[Saved entries]
>>>>>
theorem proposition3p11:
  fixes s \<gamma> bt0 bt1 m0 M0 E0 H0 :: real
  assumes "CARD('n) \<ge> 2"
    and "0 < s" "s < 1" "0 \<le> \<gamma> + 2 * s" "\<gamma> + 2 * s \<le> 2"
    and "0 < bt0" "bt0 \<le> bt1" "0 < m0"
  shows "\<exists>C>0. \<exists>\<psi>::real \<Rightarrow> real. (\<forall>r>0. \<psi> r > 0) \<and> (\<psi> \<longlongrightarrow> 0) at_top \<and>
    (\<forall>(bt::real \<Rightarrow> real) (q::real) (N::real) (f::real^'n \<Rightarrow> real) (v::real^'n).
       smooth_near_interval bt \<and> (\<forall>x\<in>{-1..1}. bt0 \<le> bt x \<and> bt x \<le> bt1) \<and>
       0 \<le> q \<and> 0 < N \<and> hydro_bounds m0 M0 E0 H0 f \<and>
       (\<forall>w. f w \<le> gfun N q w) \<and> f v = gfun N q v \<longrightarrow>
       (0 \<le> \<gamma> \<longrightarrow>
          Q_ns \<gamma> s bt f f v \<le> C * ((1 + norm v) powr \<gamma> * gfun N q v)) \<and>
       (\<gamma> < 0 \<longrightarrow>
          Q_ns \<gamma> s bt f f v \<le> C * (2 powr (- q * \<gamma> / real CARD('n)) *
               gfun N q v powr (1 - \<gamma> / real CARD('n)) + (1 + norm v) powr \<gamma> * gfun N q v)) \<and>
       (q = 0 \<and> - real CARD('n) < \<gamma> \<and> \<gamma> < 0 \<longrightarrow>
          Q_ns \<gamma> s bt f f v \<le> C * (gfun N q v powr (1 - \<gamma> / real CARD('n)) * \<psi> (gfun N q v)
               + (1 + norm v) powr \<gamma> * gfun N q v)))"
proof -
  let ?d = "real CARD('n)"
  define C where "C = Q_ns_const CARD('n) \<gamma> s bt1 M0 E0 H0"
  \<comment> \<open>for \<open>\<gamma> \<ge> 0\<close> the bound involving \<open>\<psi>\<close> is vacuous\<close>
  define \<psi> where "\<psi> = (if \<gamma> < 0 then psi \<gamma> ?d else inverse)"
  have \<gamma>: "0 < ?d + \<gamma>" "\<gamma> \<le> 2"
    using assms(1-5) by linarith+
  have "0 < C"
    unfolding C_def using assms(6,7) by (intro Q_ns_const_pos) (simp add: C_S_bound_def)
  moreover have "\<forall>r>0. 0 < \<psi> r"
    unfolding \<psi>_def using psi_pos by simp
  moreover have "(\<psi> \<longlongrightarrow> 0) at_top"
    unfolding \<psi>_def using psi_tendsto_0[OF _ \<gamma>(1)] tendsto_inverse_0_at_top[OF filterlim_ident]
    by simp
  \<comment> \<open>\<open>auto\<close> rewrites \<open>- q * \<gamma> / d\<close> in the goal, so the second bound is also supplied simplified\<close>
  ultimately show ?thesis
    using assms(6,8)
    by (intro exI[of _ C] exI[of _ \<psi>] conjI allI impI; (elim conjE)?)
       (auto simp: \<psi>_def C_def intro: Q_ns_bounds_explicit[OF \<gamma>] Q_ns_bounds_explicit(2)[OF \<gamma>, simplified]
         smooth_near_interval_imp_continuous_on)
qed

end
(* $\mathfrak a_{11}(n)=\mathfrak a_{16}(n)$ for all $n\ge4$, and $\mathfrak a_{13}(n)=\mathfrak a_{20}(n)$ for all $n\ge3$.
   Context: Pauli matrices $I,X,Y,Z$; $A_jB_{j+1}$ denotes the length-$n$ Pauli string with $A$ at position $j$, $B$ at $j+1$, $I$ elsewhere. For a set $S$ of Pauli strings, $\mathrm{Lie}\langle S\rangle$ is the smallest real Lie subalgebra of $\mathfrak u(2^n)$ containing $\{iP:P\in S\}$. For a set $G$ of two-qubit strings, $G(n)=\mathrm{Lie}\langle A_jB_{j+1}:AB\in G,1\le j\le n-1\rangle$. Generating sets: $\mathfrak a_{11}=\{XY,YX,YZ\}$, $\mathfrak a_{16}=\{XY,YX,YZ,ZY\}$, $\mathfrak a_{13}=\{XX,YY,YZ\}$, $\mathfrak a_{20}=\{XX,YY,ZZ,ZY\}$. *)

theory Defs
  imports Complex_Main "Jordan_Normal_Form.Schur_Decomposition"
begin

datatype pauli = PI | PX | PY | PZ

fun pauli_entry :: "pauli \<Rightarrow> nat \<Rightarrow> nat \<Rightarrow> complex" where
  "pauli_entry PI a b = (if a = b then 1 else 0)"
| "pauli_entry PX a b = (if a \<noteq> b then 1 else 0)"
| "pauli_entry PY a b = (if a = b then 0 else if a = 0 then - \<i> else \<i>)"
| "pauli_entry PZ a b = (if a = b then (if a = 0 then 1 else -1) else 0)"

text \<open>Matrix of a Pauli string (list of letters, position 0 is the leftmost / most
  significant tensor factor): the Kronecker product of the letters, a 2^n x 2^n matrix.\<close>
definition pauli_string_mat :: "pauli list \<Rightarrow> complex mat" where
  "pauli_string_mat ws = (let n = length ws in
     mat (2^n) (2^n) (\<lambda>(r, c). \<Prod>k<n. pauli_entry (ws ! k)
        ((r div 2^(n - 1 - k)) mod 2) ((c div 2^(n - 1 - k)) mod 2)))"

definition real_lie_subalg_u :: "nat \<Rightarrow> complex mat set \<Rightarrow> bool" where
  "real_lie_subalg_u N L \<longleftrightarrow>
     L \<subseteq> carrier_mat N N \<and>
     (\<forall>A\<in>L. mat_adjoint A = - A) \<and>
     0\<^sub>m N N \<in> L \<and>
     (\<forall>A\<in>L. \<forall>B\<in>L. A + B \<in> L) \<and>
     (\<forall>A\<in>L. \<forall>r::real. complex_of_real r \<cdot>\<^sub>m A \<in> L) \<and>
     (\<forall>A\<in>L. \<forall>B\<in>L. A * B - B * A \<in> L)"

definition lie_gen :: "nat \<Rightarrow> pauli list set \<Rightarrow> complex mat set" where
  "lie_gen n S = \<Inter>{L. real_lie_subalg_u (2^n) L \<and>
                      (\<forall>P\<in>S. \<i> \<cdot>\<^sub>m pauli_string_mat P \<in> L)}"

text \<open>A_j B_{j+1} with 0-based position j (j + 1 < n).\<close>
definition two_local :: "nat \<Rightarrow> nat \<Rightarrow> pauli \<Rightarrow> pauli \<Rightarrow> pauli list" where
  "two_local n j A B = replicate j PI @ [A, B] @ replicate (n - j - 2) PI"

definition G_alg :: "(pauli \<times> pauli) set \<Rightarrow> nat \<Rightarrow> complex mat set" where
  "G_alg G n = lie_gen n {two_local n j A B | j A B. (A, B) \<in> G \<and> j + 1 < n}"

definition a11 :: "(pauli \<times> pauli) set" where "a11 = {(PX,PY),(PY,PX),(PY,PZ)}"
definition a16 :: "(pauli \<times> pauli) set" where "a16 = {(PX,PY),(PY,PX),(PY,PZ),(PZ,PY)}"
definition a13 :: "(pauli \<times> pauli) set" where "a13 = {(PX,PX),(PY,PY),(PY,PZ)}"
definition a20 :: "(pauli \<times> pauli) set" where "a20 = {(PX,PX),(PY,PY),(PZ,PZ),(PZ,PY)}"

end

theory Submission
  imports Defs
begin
<<<<<
>>>>>
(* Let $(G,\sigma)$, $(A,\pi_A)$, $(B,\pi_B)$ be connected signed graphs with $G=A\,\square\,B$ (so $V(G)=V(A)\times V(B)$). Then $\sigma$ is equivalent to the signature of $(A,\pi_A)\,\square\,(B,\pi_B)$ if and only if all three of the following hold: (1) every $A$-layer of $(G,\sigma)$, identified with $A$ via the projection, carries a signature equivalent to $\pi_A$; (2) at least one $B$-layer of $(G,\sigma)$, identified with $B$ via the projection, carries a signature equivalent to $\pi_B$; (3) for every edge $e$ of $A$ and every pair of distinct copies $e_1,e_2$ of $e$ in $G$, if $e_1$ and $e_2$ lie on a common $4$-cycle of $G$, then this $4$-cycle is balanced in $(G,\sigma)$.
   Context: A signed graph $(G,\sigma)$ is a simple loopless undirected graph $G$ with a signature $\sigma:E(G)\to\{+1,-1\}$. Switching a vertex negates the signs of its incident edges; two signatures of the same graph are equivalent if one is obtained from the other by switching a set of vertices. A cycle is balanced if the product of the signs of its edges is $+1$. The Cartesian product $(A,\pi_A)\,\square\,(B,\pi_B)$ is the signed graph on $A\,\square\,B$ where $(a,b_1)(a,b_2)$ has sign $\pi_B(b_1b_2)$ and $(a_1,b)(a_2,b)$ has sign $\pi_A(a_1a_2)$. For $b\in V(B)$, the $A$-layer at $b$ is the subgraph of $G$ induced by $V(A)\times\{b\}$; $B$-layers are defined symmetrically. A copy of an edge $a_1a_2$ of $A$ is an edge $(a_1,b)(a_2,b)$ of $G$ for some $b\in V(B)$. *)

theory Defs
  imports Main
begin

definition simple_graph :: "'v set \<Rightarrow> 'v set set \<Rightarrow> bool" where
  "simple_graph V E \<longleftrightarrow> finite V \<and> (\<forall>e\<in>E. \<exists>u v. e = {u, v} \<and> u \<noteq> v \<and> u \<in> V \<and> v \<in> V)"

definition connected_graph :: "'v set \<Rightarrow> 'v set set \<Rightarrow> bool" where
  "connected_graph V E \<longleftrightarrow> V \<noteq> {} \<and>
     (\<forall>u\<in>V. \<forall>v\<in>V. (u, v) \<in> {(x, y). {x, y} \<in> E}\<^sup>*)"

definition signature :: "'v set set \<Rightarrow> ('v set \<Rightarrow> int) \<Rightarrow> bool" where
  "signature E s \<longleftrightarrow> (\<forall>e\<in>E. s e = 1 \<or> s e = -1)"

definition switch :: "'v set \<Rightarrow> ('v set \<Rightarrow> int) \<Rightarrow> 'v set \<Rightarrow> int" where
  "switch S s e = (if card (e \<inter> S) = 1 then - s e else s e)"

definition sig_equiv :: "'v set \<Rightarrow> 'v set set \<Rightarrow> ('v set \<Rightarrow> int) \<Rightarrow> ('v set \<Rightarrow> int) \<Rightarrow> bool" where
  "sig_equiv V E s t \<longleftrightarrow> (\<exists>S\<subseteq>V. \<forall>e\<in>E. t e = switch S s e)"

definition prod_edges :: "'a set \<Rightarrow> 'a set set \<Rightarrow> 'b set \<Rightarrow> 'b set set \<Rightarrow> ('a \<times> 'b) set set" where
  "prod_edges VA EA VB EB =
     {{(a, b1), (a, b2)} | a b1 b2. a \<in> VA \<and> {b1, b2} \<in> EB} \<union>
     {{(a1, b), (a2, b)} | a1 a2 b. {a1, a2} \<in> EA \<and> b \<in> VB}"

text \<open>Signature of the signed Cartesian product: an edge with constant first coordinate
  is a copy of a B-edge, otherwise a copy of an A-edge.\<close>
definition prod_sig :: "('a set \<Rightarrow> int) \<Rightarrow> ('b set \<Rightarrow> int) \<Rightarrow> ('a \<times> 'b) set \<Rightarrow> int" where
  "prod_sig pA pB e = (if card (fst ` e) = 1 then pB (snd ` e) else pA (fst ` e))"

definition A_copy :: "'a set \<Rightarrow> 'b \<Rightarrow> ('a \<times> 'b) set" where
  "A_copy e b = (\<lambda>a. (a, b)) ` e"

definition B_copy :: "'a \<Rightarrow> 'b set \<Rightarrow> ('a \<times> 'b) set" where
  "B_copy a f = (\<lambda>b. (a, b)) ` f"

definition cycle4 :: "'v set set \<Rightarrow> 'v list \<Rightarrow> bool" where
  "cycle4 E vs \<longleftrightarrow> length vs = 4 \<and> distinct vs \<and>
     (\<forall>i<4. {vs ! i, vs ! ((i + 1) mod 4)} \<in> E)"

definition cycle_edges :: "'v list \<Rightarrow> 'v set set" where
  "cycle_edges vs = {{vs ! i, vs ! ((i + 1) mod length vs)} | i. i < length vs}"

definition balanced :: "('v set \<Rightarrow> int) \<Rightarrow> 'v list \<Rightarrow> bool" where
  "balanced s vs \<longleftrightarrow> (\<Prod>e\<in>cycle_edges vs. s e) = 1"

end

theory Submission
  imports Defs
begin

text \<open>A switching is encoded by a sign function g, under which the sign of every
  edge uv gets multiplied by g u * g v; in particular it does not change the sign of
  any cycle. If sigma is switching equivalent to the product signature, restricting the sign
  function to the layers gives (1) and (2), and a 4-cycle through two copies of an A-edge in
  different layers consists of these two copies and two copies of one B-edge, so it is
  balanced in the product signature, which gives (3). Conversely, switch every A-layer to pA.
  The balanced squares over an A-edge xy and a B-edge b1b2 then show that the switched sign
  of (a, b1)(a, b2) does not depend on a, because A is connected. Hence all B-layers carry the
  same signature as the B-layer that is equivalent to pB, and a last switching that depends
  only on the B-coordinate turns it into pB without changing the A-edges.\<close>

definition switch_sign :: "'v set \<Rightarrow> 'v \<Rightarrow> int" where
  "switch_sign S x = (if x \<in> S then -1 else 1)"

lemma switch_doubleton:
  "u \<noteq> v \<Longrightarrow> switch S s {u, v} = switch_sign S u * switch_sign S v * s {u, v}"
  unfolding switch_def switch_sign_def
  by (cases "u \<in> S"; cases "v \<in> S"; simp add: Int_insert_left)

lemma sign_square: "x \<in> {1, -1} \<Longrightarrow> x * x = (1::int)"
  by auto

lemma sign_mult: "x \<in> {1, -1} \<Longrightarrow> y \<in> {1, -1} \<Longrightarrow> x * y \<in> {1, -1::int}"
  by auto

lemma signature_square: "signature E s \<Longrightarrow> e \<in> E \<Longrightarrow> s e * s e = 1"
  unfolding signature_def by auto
<<<<<
→ **Required action**
What are the lines above, starting at the one with "set \<Rightarrow> 'v \<Rightarrow>" and ending at the one with "unfolding signature_def by auto"? Give them again exactly, and only them.

→ **Answer section**
definition switch_sign :: "'v set \<Rightarrow> 'v \<Rightarrow> int" where
  "switch_sign S x = (if x \<in> S then -1 else 1)"

lemma switch_doubleton:
  "u \<noteq> v \<Longrightarrow> switch S s {u, v} = switch_sign S u * switch_sign S v * s {u, v}"
  unfolding switch_def switch_sign_def
  by (cases "u \<in> S"; cases "v \<in> S"; simp add: Int_insert_left)

lemma sign_square: "x \<in> {1, -1} \<Longrightarrow> x * x = (1::int)"
  by auto

lemma sign_mult: "x \<in> {1, -1} \<Longrightarrow> y \<in> {1, -1} \<Longrightarrow> x * y \<in> {1, -1::int}"
  by auto

lemma signature_square: "signature E s \<Longrightarrow> e \<in> E \<Longrightarrow> s e * s e = 1"
  unfolding signature_def by auto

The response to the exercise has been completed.